• [Description of the task] Where a line of the records holds the string "longleftrightarrow", copy that line.

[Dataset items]

== == ==

(* Let $T>0$, $\alpha>0$, $\beta>0$, $\sigma>0$, $u_1>0$, let $N$ be a positive integer and $R_0\in\mathbb R$, and let $\hat u$ be an optimal control for the problem $$\int_0^T\big(\alpha R(t)+\beta u(t)\big)\,dt\to\inf,\qquad \dot R(t)=-u(t)R(t)+N\sigma^2,\qquad R(0)=R_0,\qquad 0\le u(t)\le u_1 .$$ Then there exists $\varepsilon>0$ such that $\hat u(t)=0$ for all $t\in(T-\varepsilon,T)$.
   Context: Admissible controls are functions $u\in L^\infty[0,T]$ with $0\le u(t)\le u_1$ for a.e. $t$ (identified up to a.e. equality); the corresponding state $R$ is the absolutely continuous solution of $\dot R=-uR+N\sigma^2$, $R(0)=R_0$. An optimal control is an admissible control minimizing the integral functional. *)

theory Defs
  imports "HOL-Analysis.Analysis"
begin

definition admissible :: "real \<Rightarrow> real \<Rightarrow> (real \<Rightarrow> real) \<Rightarrow> bool" where
  "admissible T u1 u \<longleftrightarrow>
     set_borel_measurable lborel {0..T} u \<and>
     (AE t in lborel. t \<in> {0..T} \<longrightarrow> 0 \<le> u t \<and> u t \<le> u1)"

text \<open>R is the absolutely continuous (Caratheodory) solution of
  R' = -u R + N sigma^2, R(0) = R0 on [0,T], written in integral form.\<close>
definition is_state :: "real \<Rightarrow> nat \<Rightarrow> real \<Rightarrow> real \<Rightarrow> (real \<Rightarrow> real) \<Rightarrow> (real \<Rightarrow> real) \<Rightarrow> bool" where
  "is_state T N \<sigma> R0 u R \<longleftrightarrow>
     continuous_on {0..T} R \<and> R 0 = R0 \<and>
     (\<forall>t\<in>{0..T}. R t = R0 + (LINT s:{0..t}|lborel. real N * \<sigma>\<^sup>2 - u s * R s))"

definition cost :: "real \<Rightarrow> real \<Rightarrow> real \<Rightarrow> (real \<Rightarrow> real) \<Rightarrow> (real \<Rightarrow> real) \<Rightarrow> real" where
  "cost T \<alpha> \<beta> u R = (LINT t:{0..T}|lborel. \<alpha> * R t + \<beta> * u t)"

definition optimal_control ::
  "real \<Rightarrow> real \<Rightarrow> real \<Rightarrow> real \<Rightarrow> real \<Rightarrow> nat \<Rightarrow> real \<Rightarrow> (real \<Rightarrow> real) \<Rightarrow> bool" where
  "optimal_control T \<alpha> \<beta> \<sigma> u1 N R0 uh \<longleftrightarrow>
     admissible T u1 uh \<and> (\<exists>R. is_state T N \<sigma> R0 uh R) \<and>
     (\<forall>R v S. is_state T N \<sigma> R0 uh R \<longrightarrow> admissible T u1 v \<longrightarrow> is_state T N \<sigma> R0 v S \<longrightarrow>
        cost T \<alpha> \<beta> uh R \<le> cost T \<alpha> \<beta> v S)"

end

theory Submission imports Defs begin

text \<open>Switch the control off on a final interval \<open>(a, T]\<close>. Afterwards the state grows
  linearly, so it exceeds the original state by \<open>\<integral>\<^sub>a\<^sup>s u R \<le> M \<integral>\<^sub>a\<^sup>T u\<close>, where \<open>M\<close> bounds \<open>|R|\<close>.
  Hence the cost changes by at most \<open>(\<alpha> M (T - a) - \<beta>) \<integral>\<^sub>a\<^sup>T u\<close>, which is negative for
  \<open>T - a < \<beta> / (\<alpha> M)\<close> unless \<open>u\<close> vanishes almost everywhere on \<open>(a, T)\<close>; so an optimal
  control must vanish there.\<close>

lemma set_borel_measurable_continuous_on_Icc:
  fixes X :: "real \<Rightarrow> real"
  assumes "continuous_on {a..b} X"
  shows "set_borel_measurable lborel {a..b} X"
  unfolding set_borel_measurable_def
  using borel_measurable_continuous_on_indicator[OF _ assms] by simp

lemma set_borel_measurable_mult:
  fixes f g :: "'a \<Rightarrow> real"
  assumes "set_borel_measurable M A f" "set_borel_measurable M A g"
  shows "set_borel_measurable M A (\<lambda>x. f x * g x)"
proof -
  have "(\<lambda>x. (indicator A x *\<^sub>R f x) * (indicator A x *\<^sub>R g x)) \<in> borel_measurable M"
    using assms unfolding set_borel_measurable_def by measurable
  moreover have "(\<lambda>x. (indicator A x *\<^sub>R f x) * (indicator A x *\<^sub>R g x))
      = (\<lambda>x. indicator A x *\<^sub>R (f x * g x))"
    by (auto simp: indicator_def)
  ultimately show ?thesis unfolding set_borel_measurable_def by simp
qed

lemma set_integrable_bounded_mult_continuous:
  fixes w X :: "real \<Rightarrow> real"
  assumes w_meas: "set_borel_measurable lborel {a..b} w"
    and w_bound: "AE t in lborel. t \<in> {a..b} \<longrightarrow> \<bar>w t\<bar> \<le> B"
    and X_cont: "continuous_on {a..b} X"
  shows "set_integrable lborel {a..b} (\<lambda>s. w s * X s)"
proof -
  have "bounded (X ` {a..b})"
    using compact_imp_bounded compact_continuous_image[OF X_cont compact_Icc] by blast
  then obtain M where M: "\<forall>t\<in>{a..b}. \<bar>X t\<bar> \<le> M"
    unfolding bounded_iff by auto
  have meas: "set_borel_measurable lborel {a..b} (\<lambda>s. w s * X s)"
    using set_borel_measurable_mult w_meas set_borel_measurable_continuous_on_Icc[OF X_cont] .
  have bound: "AE t in lborel. t \<in> {a..b} \<longrightarrow> norm (w t * X t) \<le> norm (B * M)"
    using w_bound
  proof eventually_elim
    case (elim t)
    show ?case
    proof
      assume t: "t \<in> {a..b}"
      have "\<bar>w t * X t\<bar> \<le> B * M"
        unfolding abs_mult using elim t M by (intro mult_mono) auto
      then show "norm (w t * X t) \<le> norm (B * M)" by simp
    qed
  qed
  have "set_integrable lborel {a..b} (\<lambda>_. B * M)"
    by (rule borel_integrable_atLeastAtMost') simp
  then show ?thesis
    using meas bound by (rule set_integrable_bound)
qed

lemma set_integral_split_Icc:
  fixes f :: "real \<Rightarrow> real"
  assumes "set_integrable lborel {a..c} f" "a \<le> b" "b \<le> c"
  shows "(LINT s:{a..c}|lborel. f s) = (LINT s:{a..b}|lborel. f s) + (LINT s:{b<..c}|lborel. f s)"
proof -
  have "{a..c} = {a..b} \<union> {b<..c}" using assms by auto
  moreover have "set_integrable lborel {a..b} f" "set_integrable lborel {b<..c} f"
    using assms by (auto intro: set_integrable_subset)
  moreover have "{a..b} \<inter> {b<..c} = {}" by auto
  ultimately show ?thesis by (simp add: set_integral_Un)
qed
text \<open>The join of \<open>divisors m\<^sub>1 \<union> F\<^sub>1\<close> and \<open>divisors m\<^sub>2 \<union> F\<^sub>2\<close> lies below
  \<open>divisors (lcm m\<^sub>1 m\<^sub>2) \<union> F\<^sub>1 \<union> F\<^sub>2\<close>, which gains no new elements of \<open>T\<close> by the
  hypothesis on \<open>lcm\<close>. The parameter \<open>2\<close> is excluded there since
  \<open>divisors 2 \<union> F = divisors 1 \<union> {2}\<close>, whereas \<open>2p\<close> divides \<open>lcm 2 p\<close>.\<close>

lemma not_has_N5_divisor_spectra:
  assumes "n > 0" "Collect primepow \<subseteq> T"
    and even_witness: "\<And>d. d dvd n \<Longrightarrow> even d \<Longrightarrow> d \<noteq> 2 \<Longrightarrow> \<exists>c\<in>T. even c \<and> c \<noteq> 2 \<and> c dvd d"
    and lcm_split: "\<And>m1 m2 q. m1 dvd n \<Longrightarrow> m2 dvd n \<Longrightarrow> m1 \<noteq> 2 \<Longrightarrow> m2 \<noteq> 2 \<Longrightarrow> q \<in> T \<Longrightarrow>
      q dvd lcm m1 m2 \<Longrightarrow> q dvd m1 \<or> q dvd m2"
  shows "\<not> has_N5_sublattice (divisor_spectra n)"
proof (rule not_has_N5_sublattice_if_trace_embedding)
  show "inj_on (\<lambda>X. X \<inter> T) (divisor_spectra n)"
    using divisor_spectra_subset_if_trace_subset[OF assms(1,2) even_witness]
    by (intro inj_onI) (metis Int_lower1 equalityI le_infE)
next
  fix X Y assume "X \<in> divisor_spectra n" "Y \<in> divisor_spectra n"
  then show "X \<inter> Y \<in> divisor_spectra n" by (rule divisor_spectra_Int)
next
  fix X Y assume "X \<in> divisor_spectra n" "Y \<in> divisor_spectra n"
  then obtain m1 F1 m2 F2 where
    X: "m1 dvd n" "m1 \<noteq> 2" "F1 \<subseteq> {2}" "X = divisors m1 \<union> F1" and
    Y: "m2 dvd n" "m2 \<noteq> 2" "F2 \<subseteq> {2}" "Y = divisors m2 \<union> F2"
    by (metis divisor_spectra_normalE)
  define W where "W = divisors (lcm m1 m2) \<union> (F1 \<union> F2)"
  have "W \<in> divisor_spectra n"
    unfolding W_def using X(1,3) Y(1,3) by (intro divisor_spectraI) auto
  moreover have "X \<subseteq> W" "Y \<subseteq> W"
    using X(4) Y(4) by (auto simp: W_def intro: dvd_trans)
  moreover have "W \<inter> T \<subseteq> X \<union> Y"
  proof
    fix q assume "q \<in> W \<inter> T"
    then show "q \<in> X \<union> Y"
      using lcm_split[OF X(1) Y(1) X(2) Y(2), of q] X(4) Y(4) by (auto simp: W_def)
  qed
  ultimately show "\<exists>W\<in>divisor_spectra n. X \<subseteq> W \<and> Y \<subseteq> W \<and> W \<inter> T \<subseteq> X \<union> Y"
    by blast
qed

lemma not_has_N5_divisor_spectra_odd:
  assumes "odd n"
  shows "\<not> has_N5_sublattice (divisor_spectra n)"
proof (rule not_has_N5_divisor_spectra[where T = "Collect primepow"])
  show "n > 0" using assms by (auto intro: Nat.gr0I)
  show "\<exists>c\<in>Collect primepow. even c \<and> c \<noteq> 2 \<and> c dvd d" if "d dvd n" "even d" "d \<noteq> 2" for d
    using that assms by (auto intro: dvd_trans)
qed (auto dest: primepow_dvd_lcmD)

lemma even_dvd_twice_prime_power:
  fixes p d t :: nat
  assumes "prime p" "d dvd 2 * p ^ t" "even d" "d \<noteq> 2"
  shows "2 * p dvd d"
proof -
  obtain e where d: "d = 2 * e" using assms(3) by blast
  then have "e dvd p ^ t" using assms(2) by simp
  then obtain j where "e = p ^ j" using divides_primepow_nat[OF assms(1)] by blast
  moreover have "j \<noteq> 0" using \<open>e = p ^ j\<close> d assms(4) by auto
  ultimately show ?thesis using d by simp
qed

lemma not_has_N5_divisor_spectra_twice_prime_power:
  fixes p t :: nat
  assumes "prime p"
  shows "\<not> has_N5_sublattice (divisor_spectra (2 * p ^ t))"
proof (rule not_has_N5_divisor_spectra[where T = "Collect primepow \<union> {2 * p}"])
  have "p > 1" using assms by (rule prime_gt_1_nat)
  show "2 * p ^ t > 0" using assms by (simp add: prime_gt_0_nat)
  show "Collect primepow \<subseteq> Collect primepow \<union> {2 * p}" by blast
  show "\<exists>c\<in>Collect primepow \<union> {2 * p}. even c \<and> c \<noteq> 2 \<and> c dvd d"
    if "d dvd 2 * p ^ t" "even d" "d \<noteq> 2" for d
    using even_dvd_twice_prime_power[OF assms that] \<open>p > 1\<close> by auto
  show "q dvd m1 \<or> q dvd m2"
    if m: "m1 dvd 2 * p ^ t" "m2 dvd 2 * p ^ t" "m1 \<noteq> 2" "m2 \<noteq> 2"
      and q: "q \<in> Collect primepow \<union> {2 * p}" "q dvd lcm m1 m2" for m1 m2 q
  proof (cases "q = 2 * p")
    case True
    then have "2 dvd lcm m1 m2" using q(2) by (meson dvd_mult_left dvd_trans)
    then have "even m1 \<or> even m2"
      using primepow_dvd_lcmD[of 2] by simp
    then show ?thesis
      using even_dvd_twice_prime_power[OF assms] m True by blast
  qed (use q primepow_dvd_lcmD in auto)
qed

lemma has_N5_divisor_spectra:
  fixes n p c :: nat
  assumes "n > 0" "prime p" "even c" "c \<noteq> 2" "coprime p c" "p * c dvd n"
  shows "has_N5_sublattice (divisor_spectra n)"
proof -
  have "p > 1" using assms(2) by (rule prime_gt_1_nat)
  have "p \<noteq> 2" using assms(3,5) by auto
  have "c > 0" using assms(1,6) by (auto intro: Nat.gr0I)
  have "\<not> c dvd 2" using assms(3,4) \<open>c > 0\<close> divisors_2 by (auto simp: set_eq_iff)
  have "gcd (2 * p) c = 2"
  proof -
    obtain e where "c = 2 * e" using assms(3) by blast
    moreover have "coprime p e" using assms(5) \<open>c = 2 * e\<close> by simp
    ultimately show ?thesis by (simp add: gcd_mult_distrib_nat[symmetric] coprime_iff_gcd_eq_1)
  qed
  have "c dvd n" "p dvd n" "2 * p dvd n"
    using assms(3,6) by (auto intro: dvd_trans simp: mult.commute)
  show ?thesis
  proof (rule has_N5_sublatticeI[where z = "divisors 2" and a = "divisors p \<union> {2}"
        and b = "divisors (2 * p)" and c = "divisors c" and u = "divisors (p * c)"])
    show "divisors 2 \<in> divisor_spectra n" "divisors p \<union> {2} \<in> divisor_spectra n"
      "divisors (2 * p) \<in> divisor_spectra n" "divisors c \<in> divisor_spectra n"
      "divisors (p * c) \<in> divisor_spectra n"
      using divisor_spectraI[of _ n "{}"] divisor_spectraI[of p n "{2}"] \<open>c dvd n\<close> \<open>p dvd n\<close>
        \<open>2 * p dvd n\<close> assms(3,6) by (auto intro: dvd_trans)
    show "divisors 2 \<subset> divisors p \<union> {2}"
      using \<open>p > 1\<close> \<open>p \<noteq> 2\<close> by (auto simp: divisors_2)
    show "divisors p \<union> {2} \<subset> divisors (2 * p)"
    proof
      show "divisors p \<union> {2} \<subseteq> divisors (2 * p)" by auto
      show "divisors p \<union> {2} \<noteq> divisors (2 * p)"
      proof
        assume eq: "divisors p \<union> {2} = divisors (2 * p)"
        have "2 * p \<in> divisors (2 * p)" by simp
        then have "2 * p \<in> divisors p \<union> {2}" by (simp only: eq)
        then show False using \<open>p > 1\<close> by (auto dest: dvd_imp_le)
      qed
    qed
    have "2 * p dvd p * c" "\<not> p * c dvd 2 * p"
      using assms(3) \<open>\<not> c dvd 2\<close> \<open>p > 1\<close> by (auto simp: mult.commute[of 2 p])
    then show "divisors (2 * p) \<subset> divisors (p * c)"
      by (simp add: divisors_psubset_iff)
    show "divisors 2 \<subset> divisors c"
      using assms(3) \<open>\<not> c dvd 2\<close> by (simp add: divisors_psubset_iff)
    have "\<not> p * c dvd c"
      using \<open>c > 0\<close> \<open>p > 1\<close> dvd_imp_le[of "p * c" c] by simp
    then show "divisors c \<subset> divisors (p * c)"
      by (simp add: divisors_psubset_iff)
    show "(divisors p \<union> {2}) \<inter> divisors c = divisors 2"
      using assms(3) coprime_common_divisor_nat[OF assms(5)] by (auto simp: divisors_2)
    show "divisors (2 * p) \<inter> divisors c = divisors 2"
      by (simp add: divisors_Int \<open>gcd (2 * p) c = 2\<close>)
    fix W assume W: "W \<in> divisor_spectra n" "divisors p \<union> {2} \<subseteq> W" "divisors c \<subseteq> W"
    then obtain m F where mF: "F \<subseteq> {2}" "W = divisors m \<union> F" by (auto elim: divisor_spectraE)
    have "p \<in> W" "c \<in> W" using W(2,3) by auto
    then have "p dvd m" "c dvd m" using mF \<open>p \<noteq> 2\<close> assms(4) by auto
    then have "p * c dvd m" using assms(5) by (simp add: divides_mult)
    then show "divisors (p * c) \<subseteq> W" using mF by (auto intro: dvd_trans)
  qed
qed
locale level_colouring =
  fixes lam :: "'l rel" and K :: "'k set" and g :: "'l \<Rightarrow> 'k \<Rightarrow> 'l \<Rightarrow> 'k"
  assumes colour_inj: "\<beta> \<in> Field lam \<Longrightarrow> \<delta> \<in> K \<Longrightarrow> inj_on (g \<beta> \<delta>) (underS lam \<beta>)"
    and colour_range: "\<beta> \<in> Field lam \<Longrightarrow> \<delta> \<in> K \<Longrightarrow> g \<beta> \<delta> ` underS lam \<beta> \<subseteq> K - {\<delta>}"
begin

definition colour_rel :: "'k \<Rightarrow> ('l \<times> 'k) rel" where
  "colour_rel i = {((\<alpha>, i), (\<beta>, \<delta>)) | \<alpha> \<beta> \<delta>. \<delta> \<in> K \<and> \<alpha> \<in> underS lam \<beta> \<and> g \<beta> \<delta> \<alpha> = i}"

lemma colour_rel_iff:
  "((\<alpha>, i), (\<beta>, \<delta>)) \<in> colour_rel j \<longleftrightarrow> i = j \<and> \<delta> \<in> K \<and> \<alpha> \<in> underS lam \<beta> \<and> g \<beta> \<delta> \<alpha> = i"
  unfolding colour_rel_def by auto

lemma colour_rel_D:
  assumes "((\<alpha>, i), (\<beta>, \<delta>)) \<in> colour_rel j"
  shows "i \<in> K" "i \<noteq> \<delta>" "\<delta> \<in> K" "\<alpha> \<in> Field lam" "\<beta> \<in> Field lam" "lvl_less lam \<alpha> \<beta>"
proof -
  have h: "\<delta> \<in> K" "\<alpha> \<in> underS lam \<beta>" "g \<beta> \<delta> \<alpha> = i"
    using assms unfolding colour_rel_iff by auto
  then show "\<alpha> \<in> Field lam" "\<beta> \<in> Field lam" "lvl_less lam \<alpha> \<beta>" "\<delta> \<in> K"
    unfolding underS_def lvl_less_def Field_def by auto
  then show "i \<in> K" "i \<noteq> \<delta>" using colour_range h by blast+
qed

lemma colour_rel_below:
  assumes "\<delta> \<in> K" "\<alpha> \<in> underS lam \<beta>"
  shows "((\<alpha>, g \<beta> \<delta> \<alpha>), (\<beta>, \<delta>)) \<in> colour_rel (g \<beta> \<delta> \<alpha>)"
  using assms unfolding colour_rel_iff by simp

lemma colour_rel_no_chain:
  assumes "(x, y) \<in> colour_rel i"
  shows "(y, z) \<notin> colour_rel i"
proof
  obtain \<alpha> \<beta> \<delta> where xy: "x = (\<alpha>, i)" "y = (\<beta>, \<delta>)"
    using assms unfolding colour_rel_def by blast
  then have "i \<noteq> \<delta>" using colour_rel_D(2) assms by blast
  moreover assume "(y, z) \<in> colour_rel i"
  then have "\<delta> = i" by (cases z) (simp add: xy colour_rel_iff)
  ultimately show False by simp
qed

lemma trans_colour_rel: "trans (colour_rel i)"
  using colour_rel_no_chain unfolding trans_def by blast

lemma tree_like_colour_rel: "tree_like (colour_rel i)"
  unfolding tree_like_def
proof (intro allI impI)
  fix x y z assume "(x, z) \<in> colour_rel i \<and> (y, z) \<in> colour_rel i"
  then obtain \<alpha> \<alpha>' \<beta> \<delta> where eq: "x = (\<alpha>, i)" "y = (\<alpha>', i)" "z = (\<beta>, \<delta>)" and
    h: "\<delta> \<in> K" "\<alpha> \<in> underS lam \<beta>" "\<alpha>' \<in> underS lam \<beta>" "g \<beta> \<delta> \<alpha> = g \<beta> \<delta> \<alpha>'"
    unfolding colour_rel_def by auto
  then have "\<beta> \<in> Field lam" unfolding underS_def Field_def by auto
  then have "\<alpha> = \<alpha>'" using colour_inj h unfolding inj_on_def by blast
  then show "x = y \<or> (x, y) \<in> colour_rel i \<or> (y, x) \<in> colour_rel i" using eq by simp
qed

lemma branch_colour_rel_finite:
  assumes "is_branch I kap (colour_rel i) b"
  shows "finite b"
proof (rule ccontr)
  assume "infinite b"
  then obtain x y z where "{x, y, z} \<subseteq> b" "x \<noteq> y" "y \<noteq> z" "x \<noteq> z"
    using infinite_arbitrarily_large[of b 3] by (metis card_3_iff)
  then have "(x, y) \<in> colour_rel i \<or> (y, x) \<in> colour_rel i"
    "(y, z) \<in> colour_rel i \<or> (z, y) \<in> colour_rel i"
    "(x, z) \<in> colour_rel i \<or> (z, x) \<in> colour_rel i"
    using assms unfolding is_branch_def by blast+
  then show False using colour_rel_no_chain by blast
qed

== == ==

• [Expected answer]
  "admissible T u1 u \<longleftrightarrow>
  "is_state T N \<sigma> R0 u R \<longleftrightarrow>
  "optimal_control T \<alpha> \<beta> \<sigma> u1 N R0 uh \<longleftrightarrow>
  "((\<alpha>, i), (\<beta>, \<delta>)) \<in> colour_rel j \<longleftrightarrow> i = j \<and> \<delta> \<in> K \<and> \<alpha> \<in> underS lam \<beta> \<and> g \<beta> \<delta> \<alpha> = i"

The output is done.